lemma chained_choices_Union:
  assumes C: "C \<in> chains (chained_choices le I P D)"
  shows "\<Union>C \<in> chained_choices le I P D"
proof -
  let ?A = "chained_choices le I P D"
  have CA: "C \<subseteq> ?A" using C by (simp add: chains_def)
  have common: "\<exists>F\<in>?A. x \<in> F \<and> y \<in> F" if xy: "x \<in> \<Union>C" "y \<in> \<Union>C" for x y
  proof -
    obtain F G where "F \<in> C" "G \<in> C" "x \<in> F" "y \<in> G" using xy by blast
    moreover have "F \<subseteq> G \<or> G \<subseteq> F" using C \<open>F \<in> C\<close> \<open>G \<in> C\<close> by (auto simp: chains_def chain_subset_def)
    ultimately show ?thesis using CA by blast
  qed
  have "single_valued (\<Union>C)"
  proof (rule single_valuedI)
    fix i p q assume "(i, p) \<in> \<Union>C" "(i, q) \<in> \<Union>C"
    then obtain F where "F \<in> ?A" "(i, p) \<in> F" "(i, q) \<in> F" using common by blast
    then show "p = q" unfolding chained_choices_def by (auto dest: single_valuedD)
  qed
  moreover have "Complete_Partial_Order.chain le (Range (\<Union>C))"
  proof (rule chainI)
    fix p q assume "p \<in> Range (\<Union>C)" "q \<in> Range (\<Union>C)"
    then obtain i j where "(i, p) \<in> \<Union>C" "(j, q) \<in> \<Union>C" by blast
    then obtain F where "F \<in> ?A" "(i, p) \<in> F" "(j, q) \<in> F" using common by blast
    then have "Complete_Partial_Order.chain le (Range F)" "p \<in> Range F" "q \<in> Range F"
      unfolding chained_choices_def by blast+
    then show "le p q \<or> le q p" by (rule chainD)
  qed
  moreover have "\<Union>C \<subseteq> I \<times> P" "\<forall>(i, p)\<in>\<Union>C. p \<in> D i" using CA unfolding chained_choices_def by auto
  ultimately show ?thesis unfolding chained_choices_def by simp
qed

lemma upper_bound_meeting_dense_family:
  fixes le :: "'p \<Rightarrow> 'p \<Rightarrow> bool" and D :: "'i \<Rightarrow> 'p set"
  assumes "reflp le" "transp le"
    and bounded: "\<And>X. X \<subseteq> P \<Longrightarrow> Complete_Partial_Order.chain le X \<Longrightarrow> (card_of X, card_of I) \<in> ordLeq
                    \<Longrightarrow> \<exists>u\<in>P. \<forall>x\<in>X. le x u"
    and dense: "\<And>i p. i \<in> I \<Longrightarrow> p \<in> P \<Longrightarrow> \<exists>q\<in>P. le p q \<and> q \<in> D i"
  shows "\<exists>u\<in>P. \<forall>i\<in>I. \<exists>p\<in>D i. le p u"
proof -
  let ?A = "chained_choices le I P D"
  have "\<forall>C\<in>chains ?A. \<Union>C \<in> ?A" using chained_choices_Union by blast
  then have "\<exists>M\<in>?A. \<forall>F\<in>?A. M \<subseteq> F \<longrightarrow> F = M" by (rule Zorn_Lemma)
  then obtain M where "M \<in> ?A" and maximal: "\<And>F. F \<in> ?A \<Longrightarrow> M \<subseteq> F \<Longrightarrow> F = M"
    by blast
  then have M: "M \<subseteq> I \<times> P" "single_valued M" "Complete_Partial_Order.chain le (Range M)"
    "\<And>i p. (i, p) \<in> M \<Longrightarrow> p \<in> D i"
    unfolding chained_choices_def by auto
  have "(card_of (Domain M), card_of I) \<in> ordLeq" using M(1) by (intro card_of_mono1) blast
  then have "(card_of (Range M), card_of I) \<in> ordLeq"
    using single_valued_card_of_Range[OF M(2)] ordLeq_transitive by blast
  then obtain u where u: "u \<in> P" "\<And>p. p \<in> Range M \<Longrightarrow> le p u"
    using bounded[OF _ M(3)] M(1) by force
  have total: "\<exists>p. (i, p) \<in> M" if i: "i \<in> I" for i
  proof (rule ccontr)
    assume new: "\<nexists>p. (i, p) \<in> M"
    obtain q where q: "q \<in> P" "le u q" "q \<in> D i" using dense[OF i u(1)] by blast
    have "single_valued (insert (i, q) M)"
      using M(2) new by (auto simp: single_valued_def)
    moreover have "Complete_Partial_Order.chain le (Range (insert (i, q) M))"
    proof -
      have "le p q" if "p \<in> Range M" for p
        using u(2)[OF that] q(2) \<open>transp le\<close> by (blast dest: transpD)
      then show ?thesis
        using M(3) \<open>reflp le\<close> by (auto simp: Complete_Partial_Order.chain_def reflp_def)
    qed
    ultimately have "insert (i, q) M \<in> ?A" using M i q unfolding chained_choices_def by auto
    then have "insert (i, q) M = M" by (rule maximal) blast
    then show False using new by blast
  qed
  have "\<exists>p\<in>D i. le p u" if i: "i \<in> I" for i
  proof -
    obtain p where "(i, p) \<in> M" using total[OF i] by blast
    then show ?thesis using M(4) u(2)[of p] by blast
  qed
  then show ?thesis using u(1) by blast
qed

lemma kinit_eq_map_le: "kinit = (\<subseteq>\<^sub>m)"
  by (intro ext) (simp add: kinit_def)

lemma kinit_refl: "kinit s s"
  by (simp add: kinit_eq_map_le)

lemma kinit_trans: "kinit s t \<Longrightarrow> kinit t u \<Longrightarrow> kinit s u"
  unfolding kinit_eq_map_le by (rule map_le_trans)

lemma kinit_SomeD: "kinit s t \<Longrightarrow> s x = Some v \<Longrightarrow> t x = Some v"
  unfolding kinit_def map_le_def by (metis domI)

lemma kseq_extends_bounded_map:
  assumes "\<alpha> \<in> Field r" "dom s \<subseteq> underS r \<alpha>"
  shows "\<exists>u. kseq r u \<and> kinit s u"
proof -
  define u where "u = (\<lambda>x. if x \<in> underS r \<alpha> then Some (0::nat) else None) ++ s"
  have "dom u = underS r \<alpha>" using assms(2) unfolding u_def dom_map_add by (auto simp: dom_def)
  then show ?thesis using assms(1) map_le_map_add unfolding kseq_def kinit_def u_def by blast
qed

lemma kseq_klen:
  assumes "Card_order r" "kseq r s"
  shows "klen r s \<in> Field r" "dom s = underS r (klen r s)"
proof -
  have lin: "Linear_order r" using assms(1) by (rule Card_order_Linear_order)
  have "\<exists>!\<alpha>. \<alpha> \<in> Field r \<and> dom s = underS r \<alpha>"
  proof (rule ex_ex1I)
    show "\<exists>\<alpha>. \<alpha> \<in> Field r \<and> dom s = underS r \<alpha>" using assms(2) unfolding kseq_def by blast
  next
    fix \<alpha> \<beta> assume "\<alpha> \<in> Field r \<and> dom s = underS r \<alpha>" "\<beta> \<in> Field r \<and> dom s = underS r \<beta>"
    then have "(\<alpha>, \<beta>) \<in> r" "(\<beta>, \<alpha>) \<in> r" using underS_incl_iff[OF lin] by auto
    then show "\<alpha> = \<beta>" using lin by (auto simp: order_on_defs antisym_def)
  qed
  then have "klen r s \<in> Field r \<and> dom s = underS r (klen r s)"
    unfolding klen_def by (rule theI')
  then show "klen r s \<in> Field r" "dom s = underS r (klen r s)" by blast+
qed

lemma klen_notin_dom: "Card_order r \<Longrightarrow> kseq r s \<Longrightarrow> klen r s \<notin> dom s"
  using kseq_klen by (fastforce simp: underS_def)

lemma kinit_kapp1: "Card_order r \<Longrightarrow> kseq r s \<Longrightarrow> kinit s (kapp1 r s i)"
  using klen_notin_dom by (fastforce simp: kinit_def kapp1_def map_le_def)

lemma kapp1_extends_to_kseq:
  assumes "Cinfinite r" "kseq r s"
  shows "\<exists>t. kseq r t \<and> kinit (kapp1 r s i) t"
proof -
  have co: "Card_order r" using assms(1) by simp
  obtain \<beta> where \<beta>: "\<beta> \<in> Field r" "klen r s \<noteq> \<beta>" "(klen r s, \<beta>) \<in> r"
    using Cinfinite_limit[OF kseq_klen(1)[OF co assms(2)] assms(1)] by blast
  then have "klen r s \<in> underS r \<beta>" by (simp add: underS_def)
  then have "insert (klen r s) (underS r (klen r s)) \<subseteq> underS r \<beta>"
    using Card_order_underS_mono[OF co \<beta>(3)] by blast
  then have "dom (kapp1 r s i) \<subseteq> underS r \<beta>"
    using kseq_klen(2)[OF co assms(2)] by (simp add: kapp1_def)
  then show ?thesis using kseq_extends_bounded_map[OF \<beta>(1)] by blast
qed
lemma code_dim: "code_dim code = k"
  unfolding code_dim_def
proof (rule vs.dim_unique[of "basis_word ` {..<k}"])
  show "basis_word ` {..<k} \<subseteq> code" by (auto simp: code_def basis_word_def degree_monom_eq)
  show "code \<subseteq> vs.span (basis_word ` {..<k})"
  proof
    fix x assume "x \<in> code"
    then obtain f where f: "x = word f" "degree f < k" by (auto simp: code_def)
    show "x \<in> vs.span (basis_word ` {..<k})"
      unfolding f(1) word_eq_sum_basis[OF f(2)] by (intro vs.span_sum vs.span_scale vs.span_base) auto
  qed
  show "vs.independent (basis_word ` {..<k})"
  proof (rule vs.independent_if_scalars_zero)
    fix c x assume sum0: "(\<Sum>x\<in>basis_word ` {..<k}. vscale (c x) x) = 0"
      and x: "x \<in> basis_word ` {..<k}"
    define P where "P = (\<Sum>j<k. monom (c (basis_word j)) j)"
    have "word P = (\<Sum>j<k. vscale (c (basis_word j)) (basis_word j))"
      unfolding P_def word_sum basis_word_def
      by (intro sum.cong refl) (metis word_smult smult_monom mult.right_neutral)
    also have "\<dots> = word 0"
      using sum0 by (simp add: sum.reindex[OF inj_on_basis_word] word_0)
    finally have "word P = word 0" .
    moreover have "degree P < n" unfolding P_def using k_less_n
      by (intro le_less_trans[OF degree_sum_le]) (auto intro: order.trans[OF degree_monom_le])
    ultimately have "P = 0" using k_less_n by (intro word_inj) auto
    moreover obtain j where "j < k" "x = basis_word j" using x by auto
    moreover have "coeff P j = c (basis_word j)" if "j < k" for j
      using that by (simp add: P_def coeff_sum)
    ultimately show "c x = 0" by auto
  qed simp
  show "card (basis_word ` {..<k}) = k" using inj_on_basis_word by (simp add: card_image)
qed

lemma hamming_dist_word:
  "hamming_dist n (word f) (word g) = card {i. i < n \<and> poly (f - g) (a i) \<noteq> 0}"
  unfolding hamming_dist_def by (rule arg_cong[where f=card]) (auto simp: word_def v_nonzero)

lemma card_nonroots_ge:
  assumes "h \<noteq> 0" "degree h < k"
  shows "n - k + 1 \<le> card {i. i < n \<and> poly h (a i) \<noteq> 0}"
proof -
  let ?Z = "{i. i < n \<and> poly h (a i) = 0}" and ?W = "{i. i < n \<and> poly h (a i) \<noteq> 0}"
  have "inj_on a ?Z" by (rule inj_on_subset[OF inj]) auto
  then have "card ?Z = card (a ` ?Z)" by (rule card_image[symmetric])
  also have "\<dots> \<le> card {x. poly h x = 0}" by (intro card_mono poly_roots_finite[OF assms(1)]) auto
  also have "\<dots> \<le> degree h" by (rule card_poly_roots_bound[OF assms(1)])
  finally have "card ?Z < k" using assms(2) by simp
  moreover have "card (?Z \<union> ?W) = card ?Z + card ?W" by (rule card_Un_disjoint) auto
  moreover have "?Z \<union> ?W = {..<n}" by auto
  ultimately have "card ?Z + card ?W = n" by simp
  then show ?thesis using \<open>card ?Z < k\<close> k_less_n by linarith
qed
lemma in_tile_atE:
  assumes "finite (edges H)" "x \<in># tile_at H lam v"
  obtains e b where "e \<in> edges H" "endp H e b = v" "lam e b = x"
  using assms finite_half_edges_at[OF assms(1)]
  by (auto simp: tile_at_eq_image_mset half_edges_at_def)

lemma two_labels_subseteq_tile_at:
  assumes "finite (edges H)" "e \<in> edges H" "e' \<in> edges H" "(e, b) \<noteq> (e', b')"
    and "endp H e b = v" "endp H e' b' = v"
  shows "{#lam e b, lam e' b'#} \<subseteq># tile_at H lam v"
proof -
  have "{(e, b), (e', b')} \<subseteq> half_edges_at H v"
    using assms unfolding half_edges_at_def by auto
  then have "image_mset (case_prod lam) (mset_set {(e, b), (e', b')})
      \<subseteq># image_mset (case_prod lam) (mset_set (half_edges_at H v))"
    by (intro image_mset_subseteq_mono subset_imp_msubset_mset_set finite_half_edges_at assms(1))
  then show ?thesis
    using assms(4) by (simp add: tile_at_eq_image_mset[OF assms(1)])
qed

lemma half_edges_eq_if_count_le_1:
  assumes "finite (edges H)" "count (tile_at H lam v) x \<le> 1"
    and "e \<in> edges H" "endp H e b = v" "lam e b = x"
    and "e' \<in> edges H" "endp H e' b' = v" "lam e' b' = x"
  shows "(e, b) = (e', b')"
proof (rule ccontr)
  assume "(e, b) \<noteq> (e', b')"
  then have "{#x, x#} \<subseteq># tile_at H lam v"
    using two_labels_subseteq_tile_at[OF assms(1,3,6)] assms(4,5,7,8) by metis
  then show False
    using assms(2) mset_subset_eq_count[of "{#x, x#}" _ x] by fastforce
qed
──────────
What you should do: From the records above, print exactly the lines that run from the line with "using kseq_klen by" to the line with "assms(1) by simp", inclusive.

Exercise solution:
  using kseq_klen by (fastforce simp: underS_def)

lemma kinit_kapp1: "Card_order r \<Longrightarrow> kseq r s \<Longrightarrow> kinit s (kapp1 r s i)"
  using klen_notin_dom by (fastforce simp: kinit_def kapp1_def map_le_def)

lemma kapp1_extends_to_kseq:
  assumes "Cinfinite r" "kseq r s"
  shows "\<exists>t. kseq r t \<and> kinit (kapp1 r s i) t"
proof -
  have co: "Card_order r" using assms(1) by simp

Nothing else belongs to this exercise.